text \<open>The slice adjoint (\<lambda>x. tp x y) h is the partial inner product of h against y.
  To see that h minus its projection onto the span is orthogonal to every tp x y, split
  x = proj L x + (x - proj L x): the first part lies in L, the second is orthogonal to the
  slices of h.\<close>
lemma tensor_span_if_slices:
  fixes tp :: "'a::chilbert_space \<Rightarrow> 'b::complex_inner \<Rightarrow> 'c::chilbert_space"
  assumes tp: "hilbert_tensor tp" and L: "closed_csubspace L"
    and slices: "\<And>y. adjoint (\<lambda>x. tp x y) h \<in> L"
  shows "h \<in> closure (cspan {tp x y | x y. x \<in> L})"
proof -
  define N where "N = closure (cspan {tp x y | x y. x \<in> L})"
  have N: "closed_csubspace N"
    unfolding N_def by (rule closed_csubspace_closure_cspan)
  have "cinner (tp x y) (h - proj N h) = 0" for x y
  proof -
    define p where "p = proj L x"
    have "tp p y \<in> N"
      unfolding N_def p_def using proj_in[OF L]
      by (intro subsetD[OF closure_cspan_superset]) auto
    then have head: "cinner (tp p y) (h - proj N h) = 0"
      by (rule proj_orthogonal[OF N])
    have "cinner (tp (x - p) y) h = cinner (x - p) (adjoint (\<lambda>x. tp x y) h)"
      by (rule cinner_adjoint[OF bounded_clinear_tensor_left[OF tp]])
    also have "\<dots> = 0"
      using proj_orthogonal[OF L slices] by (simp add: cinner_eq_zero_commute p_def)
    finally have tail: "cinner (tp (x - p) y) h = 0" .
    have "\<And>u. u \<in> L \<Longrightarrow> cinner u (x - p) = 0"
      using proj_orthogonal[OF L] by (simp add: p_def)
    moreover have "proj N h \<in> closure (cspan {tp x y | x y. x \<in> L})"
      using proj_in[OF N] by (simp add: N_def)
    ultimately have "cinner (proj N h) (tp (x - p) y) = 0"
      by (rule orthogonal_tensor_span[OF tp])
    then have tail_proj: "cinner (tp (x - p) y) (proj N h) = 0"
      by (simp add: cinner_eq_zero_commute)
    have "tp x y = tp p y + tp (x - p) y"
      by (simp add: hilbert_tensor_diff_left[OF tp])
    then show ?thesis
      using head tail tail_proj by (simp add: cinner_add_left cinner_diff_right)
  qed
  then have "h = proj N h"
    using hilbert_tensor_eqI[OF tp, of h "proj N h"] by (simp add: cinner_diff_right)
  then show ?thesis
    using proj_in[OF N] by (metis N_def)
qed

---+---

§ **Exercise**: Each entry above should be retyped exactly, with nothing missed.

§ **Solution to the problem**:
text \<open>The slice adjoint (\<lambda>x. tp x y) h is the partial inner product of h against y.
  To see that h minus its projection onto the span is orthogonal to every tp x y, split
  x = proj L x + (x - proj L x): the first part lies in L, the second is orthogonal to the
  slices of h.\<close>
lemma tensor_span_if_slices:
  fixes tp :: "'a::chilbert_space \<Rightarrow> 'b::complex_inner \<Rightarrow> 'c::chilbert_space"
  assumes tp: "hilbert_tensor tp" and L: "closed_csubspace L"
    and slices: "\<And>y. adjoint (\<lambda>x. tp x y) h \<in> L"
  shows "h \<in> closure (cspan {tp x y | x y. x \<in> L})"
proof -
  define N where "N = closure (cspan {tp x y | x y. x \<in> L})"
  have N: "closed_csubspace N"
    unfolding N_def by (rule closed_csubspace_closure_cspan)
  have "cinner (tp x y) (h - proj N h) = 0" for x y
  proof -
    define p where "p = proj L x"
    have "tp p y \<in> N"
      unfolding N_def p_def using proj_in[OF L]
      by (intro subsetD[OF closure_cspan_superset]) auto
    then have head: "cinner (tp p y) (h - proj N h) = 0"
      by (rule proj_orthogonal[OF N])
    have "cinner (tp (x - p) y) h = cinner (x - p) (adjoint (\<lambda>x. tp x y) h)"
      by (rule cinner_adjoint[OF bounded_clinear_tensor_left[OF tp]])
    also have "\<dots> = 0"
      using proj_orthogonal[OF L slices] by (simp add: cinner_eq_zero_commute p_def)
    finally have tail: "cinner (tp (x - p) y) h = 0" .
    have "\<And>u. u \<in> L \<Longrightarrow> cinner u (x - p) = 0"
      using proj_orthogonal[OF L] by (simp add: p_def)
    moreover have "proj N h \<in> closure (cspan {tp x y | x y. x \<in> L})"
      using proj_in[OF N] by (simp add: N_def)
    ultimately have "cinner (proj N h) (tp (x - p) y) = 0"
      by (rule orthogonal_tensor_span[OF tp])
    then have tail_proj: "cinner (tp (x - p) y) (proj N h) = 0"
      by (simp add: cinner_eq_zero_commute)
    have "tp x y = tp p y + tp (x - p) y"
      by (simp add: hilbert_tensor_diff_left[OF tp])
    then show ?thesis
      using head tail tail_proj by (simp add: cinner_add_left cinner_diff_right)
  qed
  then have "h = proj N h"
    using hilbert_tensor_eqI[OF tp, of h "proj N h"] by (simp add: cinner_diff_right)
  then show ?thesis
    using proj_in[OF N] by (metis N_def)
qed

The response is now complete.